Resumo do tratamento

Confirme que se trata de uma verdadeira taquicardia de QRS alargado e não de artefato, e obtenha um ECG de 12 derivações se o estado do paciente permitir — a diferenciação precisa entre TV e SVT geralmente exige o ECG completo de 12 derivações, e não apenas uma derivação de monitorização. Notifique o profissional responsável imediatamente diante de qualquer taquicardia de QRS alargado de início recente.

Verifique o pulso primeiro, sempre: se o paciente não tiver pulso palpável, as orientações desta página não se aplicam. A TV sem pulso é um ritmo chocável de parada cardíaca, manejado pelo algoritmo de SAVC/ACLS (desfibrilação imediata e RCP), idêntico à via da fibrilação ventricular — não a abordagem de ritmo estável descrita a seguir.

Em um paciente que tem pulso, avalie a estabilidade hemodinâmica: hipotensão, alteração do estado mental, dor torácica persistente ou sinais de choque indicam um paciente instável, que mesmo assim precisa de cardioversão sincronizada urgente (não desfibrilação — a sincronização evita administrar o choque sobre uma onda T vulnerável).

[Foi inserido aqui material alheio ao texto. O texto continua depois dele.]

(* Let $(X,\rho)$ be a complete locally compact $\mathbb R$-tree and let $\mathcal B$ be the family of subsets of $\mathcal O_+(X)$ described below. For any $\mathcal U_1,\mathcal U_2\in\mathcal B$ and any order $\tau\in\mathcal U_1\cap\mathcal U_2$ there exists $\mathcal U\in\mathcal B$ with $\tau\in\mathcal U\subset\mathcal U_1\cap\mathcal U_2$.
   Context: An $\mathbb R$-tree is a geodesic metric space in which any two points are joined by a unique segment and $[xy]\subset[xz]\cup[zy]$ for all $x,y,z$. $\mathcal O_+(X)$ is the set of partial orders $\tau$ on $X$ such that any two points have a supremum $x\vee y$, $x\,\tau\, z\,\tau\, y$ implies $\rho(x,z)+\rho(z,y)=\rho(x,y)$, $\rho(x,y)=\rho(x,x\vee y)+\rho(x\vee y,y)$ for all $x,y$, and every upper cone $\{y: x\,\tau\, y\}$ is linearly ordered. $\mathcal O_+^r(X)$ consists of those having a greatest element (root); for $y\in X$, $\preceq_{(y)}$ is the order with root $y$ ($s\preceq_{(y)}t$ iff $t\in[ys]$). $\mathcal O_+^r(X)$ carries the Hausdorff metric $\operatorname{Hd}$ of orders viewed as subsets of $X\times X$ with metric $d_+((x_1,x_2),(y_1,y_2))=\rho(x_1,y_1)+\rho(x_2,y_2)$. $\mathcal B$ consists of all open subsets of $(\mathcal O_+^r(X),\operatorname{Hd})$ together with all sets $\mathcal U_{(x,y)}=\{\tau\in\mathcal O_+(X): x\,\tau\, y\}\setminus\{\preceq_{(y)}\}$ for $x\ne y$ in $X$. *)

theory Defs
  imports "HOL-Analysis.Analysis"
begin

(* The R-tree X is the whole carrier type 'a (a metric space), rho = dist. *)

definition is_segment :: "'a::metric_space \<Rightarrow> 'a \<Rightarrow> 'a set \<Rightarrow> bool" where
  "is_segment x y S \<longleftrightarrow> (\<exists>\<gamma>::real \<Rightarrow> 'a. \<gamma> 0 = x \<and> \<gamma> (dist x y) = y \<and>
      (\<forall>s\<in>{0..dist x y}. \<forall>t\<in>{0..dist x y}. dist (\<gamma> s) (\<gamma> t) = \<bar>s - t\<bar>) \<and>
      S = \<gamma> ` {0..dist x y})"

definition seg :: "'a::metric_space \<Rightarrow> 'a \<Rightarrow> 'a set" where
  "seg x y = (THE S. is_segment x y S)"
lemma pGH_approx_Z_F:
  assumes c: "0 < c" and R: "0 < R" and \<delta>: "0 < \<delta>" "\<delta> \<le> 1" and \<theta>: "\<theta> \<le> c / 2"
    and err: "2 * \<theta> * (R / c + 1) + 2 * c * \<delta> \<le> \<epsilon>"
    and dense: "\<forall>z\<in>Z. dist x z \<le> R / c \<longrightarrow> (\<exists>a\<in>blowup n. dist z a < \<delta>)"
    and t: "\<bar>t * r ^ n - c\<bar> < \<theta>"
  shows "\<exists>h. pGH_approx Z (\<lambda>a b. c * dist a b) x F (\<lambda>a b. t * dist a b) x R \<epsilon> h"
proof -
  have "0 < 2 * c * \<delta>" using c \<delta> by simp
  have "0 < 2 * \<theta> * (R / c + 1)" using t R c by (simp add: add_pos_pos)
  define s where "s = t * r ^ n"
  have s: "c / 2 < s" "s < 2 * c" "\<bar>s - c\<bar> < \<theta>" using t \<theta> by (auto simp: s_def abs_less_iff)
  have scale: "t * dist ((w ^^ n) a) ((w ^^ n) b) = s * dist a b" for a b
    by (simp add: dist_iterate s_def)
  have in_ball: "c * dist x z \<le> R \<longleftrightarrow> dist x z \<le> R / c" for z
    using c by (simp add: pos_le_divide_eq mult.commute)
  obtain A where A: "A x = x" "\<And>z. z \<in> Z \<Longrightarrow> dist x z \<le> R / c \<Longrightarrow> A z \<in> blowup n \<and> dist z (A z) < \<delta>"
    using blowup_retraction[OF dense \<delta>(1)] by blast
  have A_bound: "dist x (A z) \<le> R / c + 1" if "z \<in> Z" "dist x z \<le> R / c" for z
    using dist_triangle[of x "A z" z] A(2)[OF that] that \<delta> by linarith
  show ?thesis
  proof (intro exI[of _ "(w ^^ n) \<circ> A"] pGH_approxI)
    show "((w ^^ n) \<circ> A) z \<in> F" if "z \<in> Z" "c * dist x z \<le> R" for z
      using A(2)[OF that(1)] that(2) by (simp add: in_ball blowup_def)
    show "((w ^^ n) \<circ> A) x = x" by (simp add: A(1) iterate_fixed)
  next
    fix z1 z2 assume "z1 \<in> Z" "c * dist x z1 \<le> R" "z2 \<in> Z" "c * dist x z2 \<le> R"
    then have z1: "z1 \<in> Z" "dist x z1 \<le> R / c" and z2: "z2 \<in> Z" "dist x z2 \<le> R / c"
      by (simp_all add: in_ball)
    have "\<bar>s * dist (A z1) (A z2) - c * dist z1 z2\<bar> < 2 * \<theta> * (R / c + 1) + 2 * c * \<delta>"
      using A(2)[OF z1] A(2)[OF z2] s(3)
      by (intro abs_scaled_dist_diff_less[OF c, where x = x] A_bound[OF z1] A_bound[OF z2]) auto
    then have "\<bar>t * dist (((w ^^ n) \<circ> A) z1) (((w ^^ n) \<circ> A) z2) - c * dist z1 z2\<bar>
        < 2 * \<theta> * (R / c + 1) + 2 * c * \<delta>"
      by (simp add: scale)
    with err show "\<bar>t * dist (((w ^^ n) \<circ> A) z1) (((w ^^ n) \<circ> A) z2) - c * dist z1 z2\<bar> < \<epsilon>"
      by linarith
  next
    fix u assume u: "u \<in> F" "t * dist x u \<le> R - \<epsilon>"
    define z where "z = inv (w ^^ n) u"
    have z: "z \<in> Z" "u = (w ^^ n) z"
      using inv_iterate_in_blowup[OF u(1)] blowup_subset_Z by (auto simp: z_def iterate_inv)
    have "s * dist x z \<le> R - \<epsilon>" using u(2) scale[of x z] by (simp add: z(2) iterate_fixed)
    moreover have "2 * \<theta> * (R / c + 1) \<le> \<epsilon>" using err \<open>0 < 2 * c * \<delta>\<close> by linarith
    ultimately have zR: "c * dist x z \<le> R"
      by (rule rescaled_radius_le[OF c R zero_le_dist s(1,3)])
    have "t * dist u (((w ^^ n) \<circ> A) z) = s * dist z (A z)" by (simp add: z(2) scale)
    also have "\<dots> \<le> s * \<delta>"
      using A(2)[OF z(1)] zR s c by (intro mult_left_mono) (auto simp: in_ball)
    also have "\<dots> < 2 * c * \<delta>" using s(2) \<delta>(1) by simp
    also have "\<dots> \<le> \<epsilon>" using err \<open>0 < 2 * \<theta> * (R / c + 1)\<close> by linarith
    finally show "\<exists>z\<in>Z. c * dist x z \<le> R \<and> t * dist u (((w ^^ n) \<circ> A) z) < \<epsilon>"
      using z(1) zR by blast
  qed
qed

Um paciente estável com um episódio sustentado e tolerado costuma ser manejado com monitorização contínua, acesso IV, e um antiarrítmico IV conforme prescrição médica (procainamida, sotalol ou amiodarona são opções reconhecidas pelas diretrizes para conversão aguda) ou cardioversão sincronizada, particularmente se a terapia farmacológica for contraindicada (por exemplo, um QT prolongado limita o uso de procainamida ou sotalol) ou se o episódio não se resolver.